Day brought Dance Smartly to Churchill Downs for a showdown with America’s top fillies and mares in the Breeders’ Cup Distaff.

Facing 12 rivals, the pride of Canada topped an odds-on 1-2 favored entry and recorded a length and a half victory over Versailles Treaty to become the first Canadian-bred to capture a Breeders’ Cup race. Her earnings in the Breeders’ Cup also made Dance Smartly the sport’s all-time leading earner among fillies and mares.

Her eighth victory in eight 1991 starts not only earned Dance Smartly acclaim as the year’s Eclipse Award-winning 3-year-old filly but sealed her status as Canada’s Horse of the Year.

At 4, ankle woes plagued her and she failed to regain form, winning just once in four starts. Dance Smartly was retired after finishing third in the Grade 1 Beverly D. Stakes on turf at Arlington Park.

Yet even that subpar 4-year-old season could not cloud the brilliance of her unforgettable campaign a year earlier. In 1995, she entered Canada’s Racing Hall of Fame and in 2003  and was she was voted into the United States’ National Museum of Racing and Hall of Fame.

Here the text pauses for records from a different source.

(* Let $D$ be a strict, asymmetric digraph of order $n$. Then the number $c(L(D))$ of connected components of $L(D)$ satisfies $c(L(D))\le f(n)$, where $f(n)=\frac{n^2-1}{4}$ if $n$ is odd and $f(n)=\frac{n^2}{4}$ if $n$ is even. Moreover, equality holds if and only if either $D$ is the transitive tournament of order $3$, or there is a partition $V(D)=X\cup Y$ with $\big||X|-|Y|\big|\le 1$ such that $A(D)=\{(x,y): x\in X,\ y\in Y\}$ (i.e. $D$ is the orientation of the balanced complete bipartite graph on $X,Y$ with all arcs directed from $X$ to $Y$).
   Context: A digraph is strict if it has no loops and no parallel arcs, and asymmetric if $(u,v)\in A(D)$ implies $(v,u)\notin A(D)$. For a digraph $D$, the line graph $L(D)$ is the graph with vertex set $A(D)$ in which two distinct arcs are adjacent if and only if the head of one is the tail of the other. A tournament is an orientation of a complete graph; it is transitive if it has no directed cycle. *)

theory Defs
  imports Main
begin

text \<open>A digraph is given by a finite vertex set V and an arc set A \<subseteq> V \<times> V
  (a set of ordered pairs, hence no parallel arcs).\<close>

definition digraph :: "'a set \<Rightarrow> ('a \<times> 'a) set \<Rightarrow> bool" where
  "digraph V A \<longleftrightarrow> finite V \<and> A \<subseteq> V \<times> V"

definition strict_digraph :: "'a set \<Rightarrow> ('a \<times> 'a) set \<Rightarrow> bool" where
  "strict_digraph V A \<longleftrightarrow> digraph V A \<and> (\<forall>v. (v, v) \<notin> A)"

definition asymmetric :: "('a \<times> 'a) set \<Rightarrow> bool" where
  "asymmetric A \<longleftrightarrow> (\<forall>u v. (u, v) \<in> A \<longrightarrow> (v, u) \<notin> A)"

definition line_adj :: "('a \<times> 'a) set \<Rightarrow> ('a \<times> 'a) rel" where
  "line_adj A = {(e, f). e \<in> A \<and> f \<in> A \<and> e \<noteq> f \<and> (snd e = fst f \<or> snd f = fst e)}"

definition num_components_line :: "('a \<times> 'a) set \<Rightarrow> nat" where
  "num_components_line A = card (A // ((line_adj A)\<^sup>*))"

definition f_bound :: "nat \<Rightarrow> nat" where
  "f_bound n = (if odd n then (n^2 - 1) div 4 else n^2 div 4)"

definition tournament :: "'a set \<Rightarrow> ('a \<times> 'a) set \<Rightarrow> bool" where
  "tournament V A \<longleftrightarrow> digraph V A \<and> (\<forall>v. (v, v) \<notin> A) \<and>
     (\<forall>u\<in>V. \<forall>v\<in>V. u \<noteq> v \<longrightarrow> ((u, v) \<in> A \<longleftrightarrow> (v, u) \<notin> A))"

definition transitive_tournament :: "'a set \<Rightarrow> ('a \<times> 'a) set \<Rightarrow> bool" where
  "transitive_tournament V A \<longleftrightarrow> tournament V A \<and> acyclic A"

end

theory Submission
  imports Defs
begin

text \<open>Split the vertices into sources, sinks and transit vertices (with both in- and out-arcs).
  All arcs at a transit vertex lie in one component of \<open>L(D)\<close>, so every component except
  those consisting of a single source-to-sink arc owns its own nonempty set of transit vertices.
  With \<open>p\<close> sources, \<open>q\<close> sinks and \<open>t\<close> transit vertices this gives
  \<open>c(L(D)) \<le> p q + t\<close>, where \<open>p + q + t \<le> n\<close>; if there are no sources or no sinks, every
  component even owns two transit vertices. Elementary estimates of \<open>p q + t\<close> against
  \<open>n\<^sup>2/4\<close> then give the bound, and their equality cases the two extremal digraphs.
  Asymmetry is needed only to ensure \<open>n \<ge> 3\<close> once there is a transit vertex: a digon
  (\<open>n = 2\<close>, one component) would otherwise attain the bound.\<close>

abbreviation line_conn :: "('a \<times> 'a) set \<Rightarrow> (('a \<times> 'a) \<times> ('a \<times> 'a)) set" where
  "line_conn A \<equiv> (line_adj A)\<^sup>*"

lemma quotient_eq_Image_image: "A // r = (\<lambda>a. r``{a}) ` A"
  by (auto simp: quotient_def)

lemma sym_line_adj: "sym (line_adj A)"
  unfolding line_adj_def sym_def by auto

lemma line_conn_sym: "(e, f) \<in> line_conn A \<Longrightarrow> (f, e) \<in> line_conn A"
  using sym_rtrancl[OF sym_line_adj] unfolding sym_def by blast

lemma line_conn_Image_eq:
  assumes "(a, b) \<in> line_conn A"
  shows "line_conn A``{a} = line_conn A``{b}"
  using assms line_conn_sym by (blast intro: rtrancl_trans)

lemma line_conn_closed: "(e, f) \<in> line_conn A \<Longrightarrow> e \<in> A \<Longrightarrow> f \<in> A"
  by (induct rule: rtrancl_induct) (auto simp: line_adj_def)

definition sources :: "('a \<times> 'a) set \<Rightarrow> 'a set" where
  "sources A = {v. (\<exists>y. (v, y) \<in> A) \<and> (\<nexists>x. (x, v) \<in> A)}"

definition sinks :: "('a \<times> 'a) set \<Rightarrow> 'a set" where
  "sinks A = {v. (\<exists>x. (x, v) \<in> A) \<and> (\<nexists>y. (v, y) \<in> A)}"

definition transit_vertices :: "('a \<times> 'a) set \<Rightarrow> 'a set" where
  "transit_vertices A = {v. (\<exists>x. (x, v) \<in> A) \<and> (\<exists>y. (v, y) \<in> A)}"

definition incident_transit_vertices :: "('a \<times> 'a) set \<Rightarrow> ('a \<times> 'a) set \<Rightarrow> 'a set" where
  "incident_transit_vertices A C = {v \<in> transit_vertices A. \<exists>e\<in>C. v = fst e \<or> v = snd e}"

lemma incident_transit_vertices_subset: "incident_transit_vertices A C \<subseteq> transit_vertices A"
  unfolding incident_transit_vertices_def by blast

lemma card_sources_sinks_transit_le:
  assumes "strict_digraph V A"
  shows "card (sources A) + card (sinks A) + card (transit_vertices A) \<le> card V"
proof -
  have finV: "finite V" and sub: "A \<subseteq> V \<times> V"
    using assms unfolding strict_digraph_def digraph_def by auto
  have classes: "sources A \<union> sinks A \<union> transit_vertices A \<subseteq> V"
    using sub unfolding sources_def sinks_def transit_vertices_def by auto
  then have fin: "finite (sources A)" "finite (sinks A)" "finite (transit_vertices A)"
    using finV by (auto intro: finite_subset)
  have "card (sources A) + card (sinks A) + card (transit_vertices A)
        = card (sources A \<union> sinks A \<union> transit_vertices A)"
  proof -
    have "sources A \<inter> sinks A = {}" "(sources A \<union> sinks A) \<inter> transit_vertices A = {}"
      unfolding sources_def sinks_def transit_vertices_def by auto
    with fin show ?thesis by (simp add: card_Un_disjoint)
  qed
  also have "\<dots> \<le> card V"
    using classes finV by (rule card_mono[rotated])
  finally show ?thesis .
qed

lemma finite_transit_vertices:
  assumes "strict_digraph V A"
  shows "finite (transit_vertices A)"
  using assms unfolding strict_digraph_def digraph_def transit_vertices_def
  by (auto intro: finite_subset)

lemma arc_subset_sources_times_sinks:
  assumes "transit_vertices A = {}"
  shows "A \<subseteq> sources A \<times> sinks A"
  using assms unfolding transit_vertices_def sources_def sinks_def by fast

lemma card_ge_3_if_transit_vertex:
  assumes "strict_digraph V A" and "asymmetric A" and "transit_vertices A \<noteq> {}"
  shows "3 \<le> card V"
proof -
  have finV: "finite V" and sub: "A \<subseteq> V \<times> V" and noloop: "\<forall>v. (v, v) \<notin> A"
    using assms(1) unfolding strict_digraph_def digraph_def by auto
  obtain x v y where xv: "(x, v) \<in> A" and vy: "(v, y) \<in> A"
    using assms(3) unfolding transit_vertices_def by blast
  have "x \<noteq> v" "v \<noteq> y" "x \<noteq> y"
    using xv vy noloop assms(2) unfolding asymmetric_def by auto
  then have "card {x, v, y} = 3" by simp
  moreover have "card {x, v, y} \<le> card V"
    using finV sub xv vy by (intro card_mono) auto
  ultimately show ?thesis by simp
qed
lemma uniform_bound_on_compact:
  fixes D K :: "(complex ^ 'n) set"
  assumes D: "open D" and K: "compact K" "K \<subseteq> D" and "c > 0" "\<alpha> > 1"
  obtains B where "\<And>f z. holomorphic_n f D \<Longrightarrow>
      (\<And>z. z \<in> D \<Longrightarrow> c * (1 + cmod (f z) powr \<alpha>) < (\<Sum>j\<in>UNIV. cmod (partial_pow j k f z))) \<Longrightarrow>
      z \<in> K \<Longrightarrow> cmod (f z) \<le> B"
proof (cases "k = 0")
  case True
  show thesis
  proof (rule that)
    fix f z assume "z \<in> K"
      and growth: "\<And>z. z \<in> D \<Longrightarrow> c * (1 + cmod (f z) powr \<alpha>) < (\<Sum>j\<in>UNIV. cmod (partial_pow j k f z))"
    then have "c * (1 + cmod (f z) powr \<alpha>) < real CARD('n) * cmod (f z)"
      using K(2) True by (force simp: partial_pow_def)
    then have "cmod (f z) powr (\<alpha> - 1) \<le> real CARD('n) / c"
      using \<open>c > 0\<close> by (intro less_imp_le powr_bound_of_growth) auto
    then show "cmod (f z) \<le> (real CARD('n) / c) powr (1 / (\<alpha> - 1))"
      using \<open>\<alpha> > 1\<close> by (intro le_powr_inverse_of_powr_le) auto
  qed
next
  case False
  show thesis
  proof (cases "K = {}")
    case False
    with uniform_bound_on_compact_pos_order[OF D K(1) _ K(2) \<open>c > 0\<close> \<open>\<alpha> > 1\<close>] \<open>k \<noteq> 0\<close> that
    show thesis by blast
  qed (use that in blast)
qed

section \<open>Montel's theorem in several variables\<close>

lemma holomorphic_norm_diff_le:
  fixes \<phi> :: "complex \<Rightarrow> complex"
  assumes hol: "\<phi> holomorphic_on cball 0 (1 + \<rho>)" and "\<rho> > 0"
    and bound: "\<And>t. t \<in> cball 0 (1 + \<rho>) \<Longrightarrow> cmod (\<phi> t) \<le> B"
  shows "cmod (\<phi> 1 - \<phi> 0) \<le> B / \<rho>"
proof -
  have derivative_bound: "cmod (deriv \<phi> t) \<le> B / \<rho>" if "t \<in> cball 0 1" for t
  proof -
    have sub: "cball t \<rho> \<subseteq> cball 0 (1 + \<rho>)"
    proof
      fix y assume "y \<in> cball t \<rho>"
      then show "y \<in> cball 0 (1 + \<rho>)"
        using that norm_triangle_sub[of y t] by (simp add: dist_norm norm_minus_commute)
    qed
    have "cmod ((deriv ^^ 1) \<phi> t) \<le> fact 1 * B / \<rho> ^ 1"
    proof (rule Cauchy_inequality)
      show "\<phi> holomorphic_on ball t \<rho>"
        using hol sub ball_subset_cball by (blast intro: holomorphic_on_subset)
      show "continuous_on (cball t \<rho>) \<phi>"
        using hol sub by (blast intro: holomorphic_on_subset holomorphic_on_imp_continuous_on)
      show "cmod (\<phi> y) \<le> B" if "cmod (t - y) = \<rho>" for y
        using that sub by (intro bound) (auto simp: dist_norm)
    qed (rule \<open>\<rho> > 0\<close>)
    then show ?thesis
      by simp
  qed
  have "cmod (\<phi> 1 - \<phi> 0) \<le> B / \<rho> * cmod (1 - 0)"
  proof (rule field_differentiable_bound[OF convex_cball _ derivative_bound])
    show "(\<phi> has_field_derivative deriv \<phi> t) (at t within cball 0 1)" if "t \<in> cball 0 1" for t
      using that \<open>\<rho> > 0\<close>
      by (intro holomorphic_derivI[of _ "ball 0 (1 + \<rho>)"] holomorphic_on_subset[OF hol]) auto
  qed auto
  then show ?thesis
    by simp
qed

lemma holomorphic_n_norm_diff_le:
  fixes f :: "complex ^ 'n \<Rightarrow> complex"
  assumes f: "holomorphic_n f D" and ball: "cball x R \<subseteq> D"
    and bound: "\<And>z. z \<in> cball x R \<Longrightarrow> cmod (f z) \<le> B" and "dist y x < R"
  shows "cmod (f y - f x) \<le> B * dist y x / (R - dist y x)"
proof (cases "y = x")
  case False
  define s where "s = dist y x"
  define \<rho> where "\<rho> = R / s - 1"
  have "s > 0" "s < R"
    using False \<open>dist y x < R\<close> by (auto simp: s_def)
  then have "\<rho> > 0"
    by (simp add: \<rho>_def)
  have on_line: "x + t *s (y - x) \<in> cball x R" if "t \<in> cball 0 (1 + \<rho>)" for t
  proof -
    have "x + t *s (y - x) - x = t *s (y - x)"
      by simp
    then have "dist (x + t *s (y - x)) x = cmod t * s"
      by (simp only: dist_norm norm_vector_scalar_mult s_def)
    also have "\<dots> \<le> R"
      using that \<open>s > 0\<close> by (simp add: \<rho>_def pos_le_divide_eq)
    finally show ?thesis
      by (simp add: dist_commute)
  qed
  have "(\<lambda>t. f (x + t *s (y - x))) holomorphic_on cball 0 (1 + \<rho>)"
    using on_line ball by (intro holomorphic_n_on_line[OF f]) blast
  from holomorphic_norm_diff_le[OF this \<open>\<rho> > 0\<close>] on_line bound
  have "cmod (f y - f x) \<le> B / \<rho>"
    by simp
  also have "\<dots> = B * s / (R - s)"
    using \<open>s > 0\<close> by (simp add: \<rho>_def field_simps)
  finally show ?thesis
    by (simp add: s_def)
qed simp

lemma holomorphic_n_equicontinuous_at:
  fixes F :: "nat \<Rightarrow> complex ^ 'n \<Rightarrow> complex"
  assumes S: "open S" and hol: "\<And>n. holomorphic_n (F n) S"
    and bounded: "\<And>K. compact K \<Longrightarrow> K \<subseteq> S \<Longrightarrow> \<exists>B. \<forall>n. \<forall>z\<in>K. cmod (F n z) \<le> B"
    and "x \<in> S" "e > 0"
  shows "\<exists>d>0. \<forall>n y. norm (x - y) < d \<longrightarrow> cmod (F n x - F n y) < e"
proof -
  obtain R where "R > 0" and ball: "cball x R \<subseteq> S"
    using S \<open>x \<in> S\<close> open_contains_cball by blast
  obtain B0 where B0: "\<And>n z. z \<in> cball x R \<Longrightarrow> cmod (F n z) \<le> B0"
    using bounded[OF compact_cball ball] by blast
  define B where "B = \<bar>B0\<bar> + 1"
  have "B > 0" and B: "\<And>n z. z \<in> cball x R \<Longrightarrow> cmod (F n z) \<le> B"
    using B0 by (auto simp: B_def intro: order_trans[OF B0])
  define d where "d = min (R / 2) (e * R / (2 * B))"
  have "cmod (F n x - F n y) < e" if "norm (x - y) < d" for n y
  proof -
    define s where "s = dist y x"
    have "s < R / 2" "s < e * R / (2 * B)"
      using that by (auto simp: s_def d_def dist_norm norm_minus_commute)
    have "cmod (F n y - F n x) \<le> B * s / (R - s)"
      unfolding s_def using \<open>s < R / 2\<close> \<open>R > 0\<close>
      by (intro holomorphic_n_norm_diff_le[OF hol ball B]) (auto simp: s_def)
    also have "\<dots> \<le> B * s / (R / 2)"
      using \<open>s < R / 2\<close> \<open>B > 0\<close> \<open>R > 0\<close> by (intro divide_left_mono) (auto simp: s_def)
    also have "\<dots> < e"
      using \<open>s < e * R / (2 * B)\<close> \<open>B > 0\<close> \<open>R > 0\<close> by (simp add: field_simps)
    finally show ?thesis
      by (simp add: norm_minus_commute)
  qed
  moreover have "d > 0"
    using \<open>R > 0\<close> \<open>B > 0\<close> \<open>e > 0\<close> by (simp add: d_def)
  ultimately show ?thesis
    by blast
qed
lemma tendsto_difference_quotient_inner:
  fixes \<phi> :: "'a::euclidean_space \<Rightarrow> 'a" and t :: "nat \<Rightarrow> real"
  assumes "(\<phi> has_derivative blinfun_apply L) (at x)" and "filterlim t (at 0) sequentially"
  shows "(\<lambda>m. (\<phi> (x + t m *\<^sub>R b) \<bullet> b - \<phi> x \<bullet> b) / t m) \<longlonglongrightarrow> L b \<bullet> b"
proof -
  have "((\<lambda>u. x + u *\<^sub>R b) has_derivative (\<lambda>u. u *\<^sub>R b)) (at 0)"
    by (auto intro!: derivative_eq_intros)
  moreover have "(\<phi> has_derivative blinfun_apply L) (at (x + 0 *\<^sub>R b))"
    using assms(1) by simp
  ultimately have "((\<lambda>u. \<phi> (x + u *\<^sub>R b)) has_derivative (\<lambda>u. L (u *\<^sub>R b))) (at 0)"
    by (rule has_derivative_compose)
  then have "((\<lambda>u. \<phi> (x + u *\<^sub>R b) \<bullet> b) has_derivative (\<lambda>u. L (u *\<^sub>R b) \<bullet> b)) (at 0)"
    by (rule bounded_linear.has_derivative[OF bounded_linear_inner_left])
  moreover have "(\<lambda>u. L (u *\<^sub>R b) \<bullet> b) = (*) (L b \<bullet> b)"
    by (simp add: blinfun.scaleR_right fun_eq_iff mult.commute)
  ultimately have "((\<lambda>u. \<phi> (x + u *\<^sub>R b) \<bullet> b) has_field_derivative (L b \<bullet> b)) (at 0)"
    unfolding has_field_derivative_def by simp
  then have "((\<lambda>u. (\<phi> (x + u *\<^sub>R b) \<bullet> b - \<phi> x \<bullet> b) / u) \<longlongrightarrow> L b \<bullet> b) (at 0)"
    unfolding DERIV_def by simp
  then show ?thesis
    using assms(2) by (rule filterlim_compose)
qed
context
  fixes L :: "'p set" and C M :: 'p and G :: "('v, 'p) interp" and lam :: "'v \<Rightarrow> int"
    and ell r r' :: nat and R :: "int set set" and \<psi> :: "'p lfm"
  assumes local: "local_formula L \<psi>" and fresh: "C \<notin> L" "M \<notin> L" "C \<noteq> M"
    and layering: "layering G lam" and cover: "is_cover ell r R" and range: "r' \<le> r"
begin

lemma core_holds_window_Mid:
  assumes "I \<in> R" "v \<in> verts G" "lam v \<in> Mid k I" "r' \<le> k"
  shows "core_holds (window G lam C M r I) r' \<psi> v \<longleftrightarrow> core_holds G r' \<psi> v"
  using core_holds_window[OF layering ball_subset_cover_interval[OF cover assms(1,3,4)]
      assms(2) local fresh(1,2)] .
(* Let $D$ be a unital commutative C*-algebra and $\Delta\subseteq\mathrm{T}(D)$ a closed convex set of tracial states whose set of extreme points $\partial\Delta$ is compact. Suppose $\Delta$ is ample with respect to a nonzero positive contraction $c=\overline{(c_n)}\in\ell^\infty(D)/J_{2,\omega,\Delta}$, where $(c_n)\in\ell^\infty(D)$ is a representative. Then $\lim_{k\to\omega}\sup_{\tau\in\partial\Delta}|\tau(ac_k)-\tau(a)\tau(c_k)|=0$ for every $a\in D$.
   Context: $\omega$ is a free ultrafilter on $\mathbb N$; $J_{2,\omega,\Delta}=\{(f_n)\in\ell^\infty(D):\lim_{n\to\omega}\sup_{\tau\in\Delta}\tau(|f_n|^2)=0\}$. For a sequence $(\tau_n)$ in $\Delta$, $(\tau_n)_\omega$ denotes the trace $(a_n)\mapsto\lim_{n\to\omega}\tau_n(a_n)$ on $\ell^\infty(D)$ (it vanishes on $J_{2,\omega,\Delta}$); elements of $D$ are regarded as constant sequences. $\Delta$ is ample with respect to $c$ if for every sequence $(\tau_n)$ in $\Delta$ the functionals $x\mapsto(\tau_n)_\omega(xc)/(\tau_n)_\omega(c)$ and $x\mapsto(\tau_n)_\omega(x(1-c))/(1-(\tau_n)_\omega(c))$ on $D$ belong to $\Delta$ (when $(\tau_n)_\omega(c)=0$ only the second is required; when it equals $1$ only the first). *)

theory Defs
  imports "HOL-Analysis.Analysis"
begin

text \<open>A unital commutative C*-algebra: the carrier type 'a is a commutative unital
  real Banach algebra (norm 1 = 1), equipped with a complex scalar multiplication
  scC extending the real one, and an involution st satisfying the C*-identity.\<close>

definition comm_cstar_alg ::
  "(complex \<Rightarrow> 'a::{comm_ring_1,real_normed_algebra_1,banach} \<Rightarrow> 'a) \<Rightarrow> ('a \<Rightarrow> 'a) \<Rightarrow> bool" where
  "comm_cstar_alg scC st \<longleftrightarrow>
     (\<forall>z w x. scC z (scC w x) = scC (z * w) x) \<and>
     (\<forall>z x y. scC z (x + y) = scC z x + scC z y) \<and>
     (\<forall>z w x. scC (z + w) x = scC z x + scC w x) \<and>
     (\<forall>r x. scC (complex_of_real r) x = r *\<^sub>R x) \<and>
     (\<forall>z x y. scC z (x * y) = scC z x * y) \<and>
     (\<forall>z x. norm (scC z x) = cmod z * norm x) \<and>
     (\<forall>x. st (st x) = x) \<and>
     (\<forall>x y. st (x + y) = st x + st y) \<and>
     (\<forall>z x. st (scC z x) = scC (cnj z) (st x)) \<and>
     (\<forall>x y. st (x * y) = st y * st x) \<and>
     (\<forall>x. norm (st x * x) = (norm x)\<^sup>2)"
lemma half_edges_at_nat_relabel:
  "half_edges_at (nat_relabel H) (to_nat v) = apfst to_nat ` half_edges_at H v"
proof (intro equalityI subsetI)
  fix h assume "h \<in> half_edges_at (nat_relabel H) (to_nat v)"
  then obtain e s where "h = (to_nat e, s)" "e \<in> edges H" "half_end (nat_relabel H) h = to_nat v"
    unfolding half_edges_at_def by (cases h) auto
  then have "(e, s) \<in> half_edges_at H v" "h = apfst to_nat (e, s)"
    by (simp_all add: half_edges_at_def)
  then show "h \<in> apfst to_nat ` half_edges_at H v"
    by (rule rev_image_eqI)
next
  fix h assume "h \<in> apfst to_nat ` half_edges_at H v"
  then obtain e s where "h = (to_nat e, s)" "(e, s) \<in> half_edges_at H v"
    by auto
  then show "h \<in> half_edges_at (nat_relabel H) (to_nat v)"
    by (simp add: half_edges_at_def)
qed

lemma tile_at_nat_relabel:
  fixes H :: "('v::countable, 'e::countable) mgraph"
  shows "tile_at (nat_relabel H) (lam \<circ> apfst from_nat) (to_nat v) = tile_at H lam v"
proof -
  have "inj (apfst (to_nat :: 'e \<Rightarrow> nat))"
    by (rule injI) (simp add: prod_eq_iff)
  then have "mset_set (half_edges_at (nat_relabel H) (to_nat v)) =
      image_mset (apfst to_nat) (mset_set (half_edges_at H v))"
    by (simp add: half_edges_at_nat_relabel image_mset_mset_set[OF inj_on_subset[OF _ subset_UNIV]])
  moreover have "lam \<circ> apfst from_nat \<circ> apfst (to_nat :: 'e \<Rightarrow> nat) = lam"
    by (rule ext) (simp add: apfst_def map_prod_def split_beta)
  ultimately show ?thesis
    by (simp add: tile_at_def multiset.map_comp)
qed
(* Let $\sigma$ be the morphism on $\{c_0,c_1,c_2,c_3\}$ given by $\sigma(c_0)=c_0c_1$, $\sigma(c_1)=c_2c_3$, $\sigma(c_2)=c_0c_1c_2$, $\sigma(c_3)=c_3c_2c_3$, and let $x_\sigma=\lim_n\sigma^n(c_0)$ be its fixed point starting with $c_0$. Let $g$ be the morphism on $\{a,b\}$ given by $g(a)=baa$, $g(b)=ba$, with fixed point $x_G=\lim_n g^n(b)$, and let $\delta$ be the morphism $\delta(a)=c_2c_3$, $\delta(b)=c_0c_1$. Then $x_\sigma=\delta(x_G)$. Moreover, for all $n\ge1$, the number $p_\sigma(n)$ of distinct words of length $n$ occurring in $x_\sigma$ equals $n+3$. *)

theory Defs
  imports Main
begin

datatype c4 = C0 | C1 | C2 | C3
datatype ab = A | B

definition mor :: "('a \<Rightarrow> 'b list) \<Rightarrow> 'a list \<Rightarrow> 'b list" where
  "mor f w = concat (map f w)"

definition converges_to :: "(nat \<Rightarrow> 'a list) \<Rightarrow> (nat \<Rightarrow> 'a) \<Rightarrow> bool" where
  "converges_to w x \<longleftrightarrow> (\<forall>i. \<exists>N. \<forall>n\<ge>N. i < length (w n) \<and> w n ! i = x i)"

definition word_lim :: "(nat \<Rightarrow> 'a list) \<Rightarrow> (nat \<Rightarrow> 'a)" where
  "word_lim w = (THE x. converges_to w x)"

definition fixpt :: "('a \<Rightarrow> 'a list) \<Rightarrow> 'a \<Rightarrow> (nat \<Rightarrow> 'a)" where
  "fixpt f a = word_lim (\<lambda>n. (mor f ^^ n) [a])"

definition mor_inf :: "('a \<Rightarrow> 'b list) \<Rightarrow> (nat \<Rightarrow> 'a) \<Rightarrow> (nat \<Rightarrow> 'b)" where
  "mor_inf f x = word_lim (\<lambda>n. mor f (map x [0..<n]))"

definition factors :: "(nat \<Rightarrow> 'a) \<Rightarrow> nat \<Rightarrow> 'a list set" where
  "factors x n = {map x [i..<i+n] | i. True}"

definition complexity :: "(nat \<Rightarrow> 'a) \<Rightarrow> nat \<Rightarrow> nat" where
  "complexity x n = card (factors x n)"

fun sigma :: "c4 \<Rightarrow> c4 list" where
  "sigma C0 = [C0, C1]"
| "sigma C1 = [C2, C3]"
| "sigma C2 = [C0, C1, C2]"
| "sigma C3 = [C3, C2, C3]"

fun g :: "ab \<Rightarrow> ab list" where
  "g A = [B, A, A]"
| "g B = [B, A]"

fun delta :: "ab \<Rightarrow> c4 list" where
  "delta A = [C2, C3]"
| "delta B = [C0, C1]"

end

theory Submission
  imports Defs "HOL-Library.Sublist"
begin

(* Since delta B = sigma C0 and sigma (delta c) = delta (g c) for every letter c, the iterates
   satisfy sigma^(n+1)(C0) = delta(g^n(B)), so the two fixed points correspond under delta.

   The morphism delta is 2-uniform and the four letters of delta A and delta B are distinct.
   Hence a factor of x_sigma of length n is determined by the parity s of its starting position
   and by the factor of x_G of length Suc ((s + n - 1) div 2) under it, which gives
   p_sigma(n) = p_G(Suc ((n - 1) div 2)) + p_G(Suc (n div 2)).

   The fixed point x_G is Sturmian, p_G(m) = m + 1. Its language is closed under g, avoids BB
   and AAA, and a right special factor v B A of length at least 2 desubstitutes to a shorter
   right special factor u with v B A a suffix of A g(u) B A. By induction, the right special
   factors form a chain for the suffix order, so there is exactly one of each length, and on a
   binary alphabet this makes the complexity grow by exactly one at each length. *)

section \<open>Morphisms and limits of finite words\<close>

lemma mor_Nil [simp]: "mor f [] = []"
  by (simp add: mor_def)

lemma mor_Cons [simp]: "mor f (x # xs) = f x @ mor f xs"
  by (simp add: mor_def)

lemma mor_append [simp]: "mor f (xs @ ys) = mor f xs @ mor f ys"
  by (simp add: mor_def)

lemma mor_mono_prefix: "prefix xs ys \<Longrightarrow> prefix (mor f xs) (mor f ys)"
  by (auto simp: prefix_def)

lemma length_mor_ge:
  assumes "\<And>c. f c \<noteq> []"
  shows "length xs \<le> length (mor f xs)"
proof (induction xs)
  case (Cons x xs)
  then show ?case using assms[of x] by (cases "f x") auto
qed simp

lemma length_mor_uniform:
  assumes "\<And>c. length (f c) = k"
  shows "length (mor f xs) = k * length xs"
  by (induction xs) (simp_all add: assms)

“She was certainly as good a horse as any person ever trained,” Day told Daily Racing Form.

Being a female and a Triple Crown winner, there’s surely no doubt about that.


Fun Facts About Dance Smartly

  • Dance Smartly was an equally successful broodmare. Among her foals were back-to-back Queen’s Plate winners Scatter The Gold and Dancethruthedawn.
  • Among the colts Dance Smartly beat in the Molson Export Million was Fly So Free, the champion 2-year-old male of 1990.
  • Dance Smartly earned $3,263,836 in her career.
  • When Dance Smartly was named the champion 3-year-old filly of 1991, she won the award over Meadow Star and Lite Light, who clashed in the famed edition of the Mother Goose Stakes that was known as “The Mother of All Gooses.”